Pokémon Go is an economy in miniature. There is exchange: players trade Pokémons and swap gifts. There is scarcity: the balls required to catch Pokémons are scarce, as is Pokémon storage capacity and other items in the game. There is production: through various activities, such as walking a Pokémon egg, or leaving a Pokémon in a gym, players can produce new Pokémon, or earn tokens. There is status seeking and signaling: high rank players parade their skill by wearing special clothing, and displaying their game level. There are even exports and imports. Pokémon Go imports dollars from the real life economy, exporting in exchange game tokens, and the enjoyment and entertainment players get from using those tokens.
Yet Pokémon Go differs from the real-world economy in two crucial respects. First, prices, the distribution of initial endowments, and all rules are determined by the game manufacturer, Niantic, which acts as an omnipotent “social planner”. Second, anyone who does not like the rules of the game is free to leave. The possibility of exit gives power to players: because more players=more revenue, the social planner has a strong incentive to set rules that keep players happy. Thus the rules that govern the Pokémon Go economy provide insight into what type of economic rules people would choose, if they actually had power to influence the social planner’s decisions in real life.
One of the most notable features of the Pokémon Go economy is the number of rules that limit the extent of inequality.

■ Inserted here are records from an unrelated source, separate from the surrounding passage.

(* Let $G=(V,E)$ be an entropy-minimal finite simple graph. Then for every nonempty $S\subseteq V$, the bipartite graph $G[c(S),S]$ has no matching saturating $S$.
   Context: For an integer $q \ge 2$ let $[q]=\{0,\dots,q-1\}$. For $f=(f_1,\dots,f_n):[q]^n\to[q]^n$, the interaction graph $\mathrm{IG}(f)$ is the digraph on $\{1,\dots,n\}$ with an arc $(u,v)$ iff $f_v$ depends essentially on $x_u$ (there exist $a,b\in[q]^n$ differing only in coordinate $u$ with $f_v(a)\ne f_v(b)$). A simple graph is viewed as the digraph with both arcs for each edge and no loops. The $q$-guessing number is $\mathrm{gn}(G,q)=\max\{\log_q|\mathrm{Fix}(f)| : \mathrm{IG}(f)\subseteq G\}$ and the entropy is $H(G)=\sup_{q\ge2}\mathrm{gn}(G,q)$. A simple graph $G$ is entropy-minimal if for every simple graph $G'$ with fewer vertices than $G$, $H(G')-\lfloor H(G')\rfloor \ne H(G)-\lfloor H(G)\rfloor$. For nonempty $S\subseteq V$, $c(S)=\{v\in V\setminus S : N(v)\subseteq S\}$, where $N(v)$ is the neighbourhood of $v$. For disjoint $S,T$, $G[S,T]$ is the bipartite graph with parts $S,T$ and the edges of $G$ between $S$ and $T$; a matching saturates $S$ if it covers every vertex of $S$. *)

theory Defs
  imports Complex_Main
begin

definition simple_graph :: "'a set \<Rightarrow> ('a \<Rightarrow> 'a \<Rightarrow> bool) \<Rightarrow> bool" where
  "simple_graph V E \<longleftrightarrow> finite V \<and> (\<forall>u v. E u v \<longrightarrow> u \<in> V \<and> v \<in> V)
     \<and> (\<forall>u v. E u v \<longrightarrow> E v u) \<and> (\<forall>u. \<not> E u u)"

definition configs :: "'a set \<Rightarrow> nat \<Rightarrow> ('a \<Rightarrow> nat) set" where
  "configs V q = {x. (\<forall>v\<in>V. x v < q) \<and> (\<forall>v. v \<notin> V \<longrightarrow> x v = 0)}"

Players earn tokens by leaving their Pokémon in gyms – up to a maximum of 50 tokens a day. Players gain status by achieving higher levels – but the game is structured so that the overwhelming majority of players are somewhere between level 30 and level 40. Players gain the ability to defeat other players in battle by powering up stronger Pokémon – but each Pokémon’s maximum combat power is capped too.
But so what? Pokémon Go is just a game, after all.